I set out to set out from the small sanctioned space that I sleep in, tucked away in the church garden, where I have returned to eek the last warmth out of my carving of cardboard and plant life in the last blueness of morning, and gather my things, my bank card, my hoodie, my tin foils and lighters...

All I want is a room to sleep in, regulated medication for the withdrawal and to be free from the ability to assuage my pain endlessly with heroin. I want to slowly un-numb. I want to be endlessly numb. Both at the same time. But the returning thing from which I am trying to escape is invading the numbness, and the endless small junkie tasks of every para day are no longer numbing and money is less but the tasks are relentless and I take no joy in them and then the smack is less and the wheedling and the shame is more and so now, it is impossible to be impossibly numb anymore and the only way, is to unnumb slowly, to return to the waking world.
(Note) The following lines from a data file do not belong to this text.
(* Let $n\geq l\geq 3$ be integers. If $G$ is an $n$-vertex unicyclic graph with girth $l$, then $$n(US_n^l)\geq n(G)\geq n(UP_n^l).$$
   Context: A unicyclic graph is a connected graph containing exactly one cycle; its girth is the length of that cycle. A subtree of a graph $G$ is a subgraph of $G$ that is a tree (subtrees are distinguished as subgraphs); $n(G)$ is the number of subtrees of $G$, counting also the empty subtree. $US_n^l$ is the graph obtained from the cycle $C_l$ by attaching $n-l$ pendent vertices to one vertex of the cycle. $UP_n^l$ is the graph obtained from $C_l$ by attaching a pendent path of length $n-l$ to one vertex of the cycle (i.e. identifying a cycle vertex with an end vertex of a path with $n-l$ edges whose other vertices are new). *)

theory Defs
  imports Main
begin

type_synonym 'a graph = "'a set \<times> 'a set set"

definition simple_graph :: "'a graph \<Rightarrow> bool" where
  "simple_graph G \<longleftrightarrow> finite (fst G) \<and> (\<forall>e\<in>snd G. e \<subseteq> fst G \<and> card e = 2)"

definition adj :: "'a set set \<Rightarrow> 'a \<Rightarrow> 'a \<Rightarrow> bool" where
  "adj E u v \<longleftrightarrow> {u, v} \<in> E"

definition connected_graph :: "'a graph \<Rightarrow> bool" where
  "connected_graph G \<longleftrightarrow> (\<forall>u\<in>fst G. \<forall>v\<in>fst G. (adj (snd G))\<^sup>*\<^sup>* u v)"

definition cycle_edges :: "'a list \<Rightarrow> 'a set set" where
  "cycle_edges vs = {{vs ! i, vs ! ((i + 1) mod length vs)} | i. i < length vs}"

definition is_cycle :: "'a graph \<Rightarrow> 'a set set \<Rightarrow> bool" where
  "is_cycle G C \<longleftrightarrow> (\<exists>vs. distinct vs \<and> length vs \<ge> 3 \<and> set vs \<subseteq> fst G
      \<and> C = cycle_edges vs \<and> C \<subseteq> snd G)"

definition acyclic_graph :: "'a graph \<Rightarrow> bool" where
  "acyclic_graph G \<longleftrightarrow> \<not> (\<exists>C. is_cycle G C)"

definition is_tree :: "'a graph \<Rightarrow> bool" where
  "is_tree G \<longleftrightarrow> fst G \<noteq> {} \<and> connected_graph G \<and> acyclic_graph G"

definition subgraph :: "'a graph \<Rightarrow> 'a graph \<Rightarrow> bool" where
  "subgraph H G \<longleftrightarrow> fst H \<subseteq> fst G \<and> snd H \<subseteq> snd G \<and> (\<forall>e\<in>snd H. e \<subseteq> fst H)"

text \<open>Number of subtrees of G, counting also the empty subtree.\<close>
definition num_subtrees :: "'a graph \<Rightarrow> nat" where
  "num_subtrees G = card {H. subgraph H G \<and> is_tree H} + 1"

definition unicyclic :: "'a graph \<Rightarrow> bool" where
  "unicyclic G \<longleftrightarrow> simple_graph G \<and> connected_graph G \<and> (\<exists>!C. is_cycle G C)"

definition girth :: "'a graph \<Rightarrow> nat" where
  "girth G = (LEAST k. \<exists>C. is_cycle G C \<and> card C = k)"

definition cycle_graph_edges :: "nat \<Rightarrow> nat set set" where
  "cycle_graph_edges l = {{i, (i + 1) mod l} | i. i < l}"

text \<open>US_n^l: C_l with n-l pendent vertices l,...,n-1 attached to vertex 0.\<close>
definition US :: "nat \<Rightarrow> nat \<Rightarrow> nat graph" where
  "US n l = ({0..<n}, cycle_graph_edges l \<union> {{0, j} | j. l \<le> j \<and> j < n})"

text \<open>UP_n^l: C_l with a pendent path 0 - l - (l+1) - ... - (n-1) of length n-l.\<close>
definition UP :: "nat \<Rightarrow> nat \<Rightarrow> nat graph" where
  "UP n l = ({0..<n}, cycle_graph_edges l \<union>
      {{if j = l then 0 else j - 1, j} | j. l \<le> j \<and> j < n})"

end

theory Submission
  imports Defs
begin

text \<open>
  Deleting a pendant vertex \<open>v\<close> with neighbour \<open>w\<close> destroys exactly the subtrees through \<open>v\<close>:
  the single vertex \<open>v\<close> and the trees \<open>T + vw\<close> for the subtrees \<open>T\<close> of \<open>G - v\<close> through \<open>w\<close>.
  Writing \<open>t(G, A)\<close> for the number of subtrees containing \<open>A\<close>, this gives
  \<open>n(G) = n(G - v) + 1 + t(G - v, {w})\<close>, \<open>t(G, {v}) = 1 + t(G - v, {w})\<close> and
  \<open>t(G, {u}) = t(G - v, {u}) + t(G - v, {u, w})\<close> for \<open>u \<noteq> v\<close>.
  A unicyclic graph of girth \<open>l\<close> with more than \<open>l\<close> vertices has a pendant vertex (the end of a
  longest path leaving the cycle) whose deletion keeps it unicyclic of girth \<open>l\<close>, and with exactly
  \<open>l\<close> vertices it is \<open>C\<^sub>l\<close>. As a unicyclic graph has a spanning tree,
  \<open>1 \<le> t(G - v, {u, w}) \<le> t(G - v, {u})\<close>, so induction on \<open>n\<close> gives
  \<open>(n - l) + c \<le> t(G, {u}) \<le> 2^(n - l) c\<close> for every vertex \<open>u\<close>, where \<open>c = t(C\<^sub>l, {0})\<close>.
  The lower bound is attained at the end of the path of \<open>UP\<close>, the upper one at the centre of
  \<open>US\<close>; inserted into the recursion for \<open>n\<close> they give \<open>n(UP) \<le> n(G) \<le> n(US)\<close>.
\<close>

definition subtrees :: "'a graph \<Rightarrow> 'a graph set" where
  "subtrees G = {H. subgraph H G \<and> is_tree H}"

definition subtrees_through :: "'a graph \<Rightarrow> 'a set \<Rightarrow> 'a graph set" where
  "subtrees_through G A = {T \<in> subtrees G. A \<subseteq> fst T}"

lemma subtrees_through_empty [simp]: "subtrees_through G {} = subtrees G"
  unfolding subtrees_through_def by simp

lemma finite_subtrees:
  assumes "simple_graph G"
  shows "finite (subtrees G)"
proof -
  have "snd G \<subseteq> Pow (fst G)"
    using assms unfolding simple_graph_def by blast
  then have "finite (Pow (fst G) \<times> Pow (snd G))"
    using assms unfolding simple_graph_def by (auto intro: finite_subset)
  moreover have "subtrees G \<subseteq> Pow (fst G) \<times> Pow (snd G)"
    unfolding subtrees_def subgraph_def by auto
  ultimately show ?thesis
    by (rule finite_subset[rotated])
qed

lemma finite_subtrees_through: "simple_graph G \<Longrightarrow> finite (subtrees_through G A)"
  unfolding subtrees_through_def by (rule finite_subset[OF _ finite_subtrees]) auto

lemma card_subtrees_through_antimono:
  assumes "simple_graph G" and "A \<subseteq> B"
  shows "card (subtrees_through G B) \<le> card (subtrees_through G A)"
  using assms by (intro card_mono finite_subtrees_through) (auto simp: subtrees_through_def)

section \<open>Reachability\<close>

lemma symp_adj: "symp (adj E)"
  unfolding adj_def by (intro sympI) (simp add: insert_commute)

lemma reachable_sym: "(adj E)\<^sup>*\<^sup>* u v \<Longrightarrow> (adj E)\<^sup>*\<^sup>* v u"
  using symp_rtranclp[OF symp_adj] by (rule sympD)

lemma reachable_mono:
  assumes "E \<subseteq> E'" and "(adj E)\<^sup>*\<^sup>* u v"
  shows "(adj E')\<^sup>*\<^sup>* u v"
proof -
  have "adj E \<le> adj E'"
    using assms(1) unfolding adj_def by auto
  then show ?thesis
    using assms(2) rtranclp_mono by (metis predicate2D)
qed

lemma reachable_image:
  "(adj E)\<^sup>*\<^sup>* a b \<Longrightarrow> (adj ((`) f ` E))\<^sup>*\<^sup>* (f a) (f b)"
proof (induction rule: rtranclp_induct)
  case (step y z)
  have "{y, z} \<in> E"
    using step.hyps(2) unfolding adj_def .
  then have "f ` {y, z} \<in> (`) f ` E"
    by (rule imageI)
  then have "adj ((`) f ` E) (f y) (f z)"
    unfolding adj_def by simp
  with step.IH show ?case by (rule rtranclp.rtrancl_into_rtrancl)
qed simp

lemma reachable_crossing_edge:
  assumes "(adj E)\<^sup>*\<^sup>* a b" and "a \<in> S" and "b \<notin> S"
  shows "\<exists>z z'. {z, z'} \<in> E \<and> z \<in> S \<and> z' \<notin> S"
  using assms
proof (induction rule: rtranclp_induct)
  case (step y z)
  then show ?case
    by (cases "y \<in> S") (auto simp: adj_def)
qed simp

lemma reachable_remove_edge:
  assumes "(adj E)\<^sup>*\<^sup>* u z" and "(adj (E - {{a, b}}))\<^sup>*\<^sup>* a b"
  shows "(adj (E - {{a, b}}))\<^sup>*\<^sup>* u z"
  using assms(1)
proof (induction rule: rtranclp_induct)
  case (step y z)
  have "(adj (E - {{a, b}}))\<^sup>*\<^sup>* y z"
  proof (cases "{y, z} = {a, b}")
    case True
    then show ?thesis
      using assms(2) reachable_sym[OF assms(2)] by (auto simp: doubleton_eq_iff)
  next
    case False
    with step.hyps(2) have "adj (E - {{a, b}}) y z"
      by (simp add: adj_def)
    then show ?thesis by simp
  qed
  with step.IH show ?case by (rule rtranclp_trans)
qed simp

lemma reachable_remove_pendant:
  assumes "(adj E)\<^sup>*\<^sup>* u z" and "u \<noteq> v" and "z \<noteq> v" and "w \<noteq> v"
    and "\<forall>e\<in>E. v \<in> e \<longrightarrow> e = {v, w}"
  shows "(adj {e\<in>E. v \<notin> e})\<^sup>*\<^sup>* u z"
proof -
  \<comment> \<open>A walk can enter v only from w, so while it sits at v we track w instead.\<close>
  have "(z \<noteq> v \<longrightarrow> (adj {e\<in>E. v \<notin> e})\<^sup>*\<^sup>* u z) \<and> (z = v \<longrightarrow> (adj {e\<in>E. v \<notin> e})\<^sup>*\<^sup>* u w)"
    using assms(1)
  proof (induction rule: rtranclp_induct)
    case (step y z)
    have yz: "{y, z} \<in> E"
      using step.hyps(2) unfolding adj_def .
    consider "z = v" | "y = v" "z \<noteq> v" | "y \<noteq> v" "z \<noteq> v"
      by blast
    then show ?case
    proof cases
      case 1
      then have "y = w"
        using yz assms(4,5) by (auto simp: doubleton_eq_iff)
      with 1 step.IH assms(4) show ?thesis by auto
    next
      case 2
      then have "z = w"
        using yz assms(5) by (auto simp: doubleton_eq_iff)
      with 2 step.IH show ?thesis by auto
    next
      case 3
      then have "adj {e\<in>E. v \<notin> e} y z"
        using yz unfolding adj_def by auto
      with 3 step.IH show ?thesis by (auto intro: rtranclp.rtrancl_into_rtrancl)
    qed
  qed (use assms(2) in simp)
  then show ?thesis using assms(3) by blast
qed

section \<open>Cycles and walks\<close>

lemma cycle_edges_nth:
  "i < length vs \<Longrightarrow> {vs ! i, vs ! ((i + 1) mod length vs)} \<in> cycle_edges vs"
  unfolding cycle_edges_def by auto

lemma cycle_edges_Suc: "Suc i < length vs \<Longrightarrow> {vs ! i, vs ! Suc i} \<in> cycle_edges vs"
  using cycle_edges_nth[of i vs] by simp

lemma cycle_edges_last: "vs \<noteq> [] \<Longrightarrow> {vs ! (length vs - 1), vs ! 0} \<in> cycle_edges vs"
  using cycle_edges_nth[of "length vs - 1" vs] by simp

lemma cycle_edges_eq_image:
  "cycle_edges vs = (\<lambda>i. {vs ! i, vs ! ((i + 1) mod length vs)}) ` {..<length vs}"
  unfolding cycle_edges_def by auto

lemma Union_cycle_edges: "\<Union> (cycle_edges vs) = set vs"
proof
  show "\<Union> (cycle_edges vs) \<subseteq> set vs"
    unfolding cycle_edges_def by auto (metis length_pos_if_in_set mod_less_divisor nth_mem)
  show "set vs \<subseteq> \<Union> (cycle_edges vs)"
  proof
    fix x
    assume "x \<in> set vs"
    then obtain i where "i < length vs" "x = vs ! i"
      by (auto simp: in_set_conv_nth)
    then show "x \<in> \<Union> (cycle_edges vs)"
      using cycle_edges_nth[of i vs] by blast
  qed
qed

lemma card_cycle_edges:
  assumes "distinct vs" and "3 \<le> length vs"
  shows "card (cycle_edges vs) = length vs"
proof -
  let ?k = "length vs"
  let ?f = "\<lambda>i. {vs ! i, vs ! ((i + 1) mod ?k)}"
  have "inj_on ?f {..<?k}"
  proof
    fix i j
    assume i: "i \<in> {..<?k}" and j: "j \<in> {..<?k}" and eq: "?f i = ?f j"
    have "0 < ?k"
      using assms(2) by linarith
    then have i1: "(i + 1) mod ?k < ?k" and j1: "(j + 1) mod ?k < ?k"
      by simp_all
    have index_eq: "vs ! a = vs ! b \<longleftrightarrow> a = b" if "a < ?k" "b < ?k" for a b
      using nth_eq_iff_index_eq[OF assms(1) that] .
    from eq consider "vs ! i = vs ! j" | "vs ! i = vs ! ((j + 1) mod ?k)" "vs ! ((i + 1) mod ?k) = vs ! j"
      by (auto simp: doubleton_eq_iff)
    then show "i = j"
    proof cases
      case 1
      with i j index_eq show ?thesis by simp
    next
      case 2
      then have "i = (j + 1) mod ?k" and "j = (i + 1) mod ?k"
        using i j i1 j1 index_eq by simp_all
      then have "(i + 2) mod ?k = i mod ?k"
        using i by (simp add: mod_Suc_eq)
      then have "?k dvd 2"
        by (metis add.commute add_diff_cancel_right' mod_eq_dvd_iff_nat le_add2)
      with assms(2) show ?thesis by (simp add: nat_dvd_not_less)
    qed
  qed
  then show ?thesis
    unfolding cycle_edges_eq_image[of vs] by (simp add: card_image)
qed

lemma cycle_edges_rotate_subset: "cycle_edges (rotate r vs) \<subseteq> cycle_edges vs"
proof
  let ?k = "length vs"
  fix x
  assume "x \<in> cycle_edges (rotate r vs)"
  then obtain i where i: "i < ?k"
    and x: "x = {rotate r vs ! i, rotate r vs ! ((i + 1) mod ?k)}"
    unfolding cycle_edges_def by auto
  have "0 < ?k"
    using i by linarith
  then have "rotate r vs ! ((i + 1) mod ?k) = vs ! ((r + (i + 1) mod ?k) mod ?k)"
    by (simp add: nth_rotate)
  also have "(r + (i + 1) mod ?k) mod ?k = ((r + i) mod ?k + 1) mod ?k"
    by (simp add: mod_add_right_eq mod_Suc_eq)
  finally have "x = {vs ! ((r + i) mod ?k), vs ! (((r + i) mod ?k + 1) mod ?k)}"
    using x i by (simp add: nth_rotate)
  then show "x \<in> cycle_edges vs"
    using cycle_edges_nth[of "(r + i) mod ?k" vs] \<open>0 < ?k\<close> by simp
qed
I set out to walk to the Denis Hurley Center.

Determined. Withdrawing. Shivering. The bone splintering pain is in the post. The shit streaming down my legs is later. But later I will be in rehab and have methadone.

The park I sometimes sleep in, smoke at, in small groups in the lazy afternoon haze. It’s not afternoon, it’s empty, no groups to try get a hit off.

As they bask in the balcony shade of their nymandawos, out of reach of the rising day’s heat, the dealers lazily refuse to give me credit.

The other park, empty except for some still sleeping, glazed with the restless sweat of nearing need. Scattered sandwich wrappers from the call to prayer meal drop.

Just around the corner is the rotting cat carcass, it’s on my route to the scrap for crack place and I have been noting it’s decay daily, and today it’s eyes are full of maggots, and it’s stomach has exploded with flies.

The corner of the intersection, under the protection of the overhanging roof of the abandoned butchery, where I sometimes sleep after a day of digging tins from bins. No-one but detritus, foils romantic in wind eddies -depleted. The trickle of shit is starting to eek. I’m going to rehab. I can make it. They’ll have methadone.

The crack house where I sometimes hustle for change, crack, a roof, and the smoking room is abandoned, three para’s outside trying to make a plan in the hot sun.

The rank of broken taxis where we smoke, under the canopy of old trees and plastic sheeting breathing in the morning heat the users are huddled around a burning tyre for a warmth not possible, and no one will spare me a hit, no one has – they say and they retreat into the old minibus rusting black plastics, someone offers me a blackening banana, the smell of it makes me retch, I am offered a hit if I come back in a little bit or wait but I am late for my appointment to get into a rehab and my stomach is bubbling and my hands are chicken hands cramp, searing tendons hot and steel pulling in parts of my body I never had before and fuck I really wanted to uber.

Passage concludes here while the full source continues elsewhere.